The lessons of today’s readings are still as relevant as ever. Two days ago, Pope Francis mentioned to young people he was about to confirm in St. Peter’s Basilica, that to be a Christian means to be ready to embrace the Cross of hardship and persecution while maintaining our peace through our union with the Prince of Peace.

“Paul and Barnabas say that ‘we must undergo many trials if we are to enter the kingdom of God.’ The journey of the Church, and our own personal journeys as Christians, are not always easy; they meet with difficulties and trials. To follow the Lord, to let his Spirit transform the shadowy parts of our lives, our ungodly ways of acting, and cleanse us of our sins, is to set out on a path with many obstacles, both in the world around us but also within us, in the heart.
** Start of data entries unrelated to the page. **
(* Let $f:\{0,1\}^n\times\{0,1\}^n\to\{0,1\}$ be a Boolean function and $d\ge1$. If there is a quantum protocol for $f$ with communication $c$ and error $1/3$, then there are a real $\alpha\in[0,1]$ and a set of $2^{O(dc)}$ rectangles $R_i$ with weights $w_i\in\{-\alpha,\alpha\}$ such that for all $(x,y)$: \[\sum_i w_iR_i[x,y]\in\begin{cases}[1-2^{-d},1]&\text{if } f(x,y)=1,\\ [0,2^{-d}]&\text{if } f(x,y)=0.\end{cases}\]
   Context: A rectangle is a set $A\times B$ with $A,B\subseteq\{0,1\}^n$; $R_i[x,y]$ denotes its characteristic function. Quantum communication model (Yao, no prior entanglement): Alice receives $x$, Bob $y$; each holds private qubits initialized to the input and $|0\rangle$; in each round one player applies a unitary to his qubits and sends one qubit; at the end a qubit is measured giving the output; communication is the number of qubits exchanged; error $1/3$ means the output equals $f(x,y)$ with probability at least $2/3$ on every input. The constant in $O$ is absolute. *)

theory Defs
  imports Complex_Main
begin

text \<open>Computational basis states of a register of qubits indexed by naturals:
  a basis state is an assignment nat => bool (qubits outside the register are False).\<close>
type_synonym basis = "nat \<Rightarrow> bool"

definition local_basis :: "nat set \<Rightarrow> basis set" where
  "local_basis S = {w. \<forall>i. i \<notin> S \<longrightarrow> \<not> w i}"

definition restr :: "basis \<Rightarrow> nat set \<Rightarrow> basis" where
  "restr z S = (\<lambda>i. i \<in> S \<and> z i)"

definition merge :: "basis \<Rightarrow> basis \<Rightarrow> nat set \<Rightarrow> basis" where
  "merge z w S = (\<lambda>i. if i \<in> S then w i else z i)"

text \<open>Apply an operator U (a matrix indexed by basis states of the qubits in S)
  to the qubits in S of the global state psi, i.e. (U tensor Id) psi.\<close>
definition apply_local ::
  "nat set \<Rightarrow> (basis \<Rightarrow> basis \<Rightarrow> complex) \<Rightarrow> (basis \<Rightarrow> complex) \<Rightarrow> basis \<Rightarrow> complex" where
  "apply_local S U \<psi> z = (\<Sum>w\<in>local_basis S. U (restr z S) w * \<psi> (merge z w S))"

definition unitary_on :: "nat set \<Rightarrow> (basis \<Rightarrow> basis \<Rightarrow> complex) \<Rightarrow> bool" where
  "unitary_on S U \<longleftrightarrow> finite S \<and>
     (\<forall>v\<in>local_basis S. \<forall>w\<in>local_basis S.
        (\<Sum>u\<in>local_basis S. cnj (U u v) * U u w) = (if v = w then 1 else 0))"

text \<open>A round: (sender, unitary, sent qubit). Sender True = Alice, False = Bob.
  The sender applies the unitary to all qubits he currently holds, then sends
  one of them to the other player. OA is the set of qubits held by Alice;
  Bob holds the remaining qubits among 0..<N.\<close>
type_synonym round = "bool \<times> (basis \<Rightarrow> basis \<Rightarrow> complex) \<times> nat"

definition owned :: "nat \<Rightarrow> nat set \<Rightarrow> bool \<Rightarrow> nat set" where
  "owned N OA p = (if p then OA else {0..<N} - OA)"

definition transfer :: "nat set \<Rightarrow> bool \<Rightarrow> nat \<Rightarrow> nat set" where
  "transfer OA p q = (if p then OA - {q} else OA \<union> {q})"

fun valid_rounds :: "nat \<Rightarrow> nat set \<Rightarrow> round list \<Rightarrow> bool" where
  "valid_rounds N OA [] = True"
| "valid_rounds N OA ((p, U, q) # rs) \<longleftrightarrow>
     q \<in> owned N OA p \<and> unitary_on (owned N OA p) U \<and> valid_rounds N (transfer OA p q) rs"

fun run :: "nat \<Rightarrow> nat set \<Rightarrow> round list \<Rightarrow> (basis \<Rightarrow> complex) \<Rightarrow> (basis \<Rightarrow> complex)" where
  "run N OA [] \<psi> = \<psi>"
| "run N OA ((p, U, q) # rs) \<psi> = run N (transfer OA p q) rs (apply_local (owned N OA p) U \<psi>)"

text \<open>Initial basis state: Alice's qubits are 0..<ka, holding x in 0..<n and |0> elsewhere;
  Bob's qubits are ka..<N, holding y in ka..<ka+n and |0> elsewhere.\<close>
definition init_basis :: "nat \<Rightarrow> nat \<Rightarrow> bool list \<Rightarrow> bool list \<Rightarrow> basis" where
  "init_basis n ka x y = (\<lambda>i. (i < n \<and> x ! i) \<or> (ka \<le> i \<and> i < ka + n \<and> y ! (i - ka)))"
“But difficulties and trials are part of the path that leads to God’s glory, just as they were for Jesus, who was glorified on the cross; we will always encounter them in life! Do not be discouraged! We have the power of the Holy Spirit to overcome these trials!”

The Holy Spirit fills us with the gift of courage, he raises us up just like he raised Jesus and Paul, to persevere in our Christian journey, living with Christ and seeking to bring others to live with Him.

In the olden days, bishops were accustomed to slap those who had just been confirmed on the cheek, to communicate to them that they need to be willing to suffer in order to be a Christian. Christians are going to get slapped around, but Jesus has given us his peace so that when we’re slapped on one side, we have the courage to turn the other cheek with dignity.

That’s what St. Paul did when he got up and returned preaching the Gospel, a Gospel that includes the necessity to undergo many hardships to enter God’s kingdom.

At the end of the Gospel today, Jesus talks specifically about the great divider, the devil, and the type of havoc he was about to unleash. “The ruler of the world is coming,” Jesus said, but “he has no power over me.”

Jesus would go on to defeat the devil once and for all in Calvary, even though to the eyes of the world, he seemed totally defeated. The reason why Jesus freely allowed himself to suffer so much, he said, was “because the world must know that I love the Father and that I do just as the Father has commanded me.” It was precisely through his suffering, in other words, that he showed his loving obedience for the Father and the path to authentic peace.

Likewise the devil will have no power over those who live in Jesus’ peace, no matter how many sufferings we have to endure. These sufferings, as so many — especially the martyrs — have attested over the centuries, give us a chance to show that we love Jesus no matter how much we need to undergo to remain true to him who loved us so much to die for us.

The hardships we undergo are an opportunity for us to show that Jesus — and the peace he brings us through communion with him —  is worth living for, suffering for, and dying for.

During this Year of Faith, we ask God for the grace to understand better the truths God teaches us today and to put them into practice.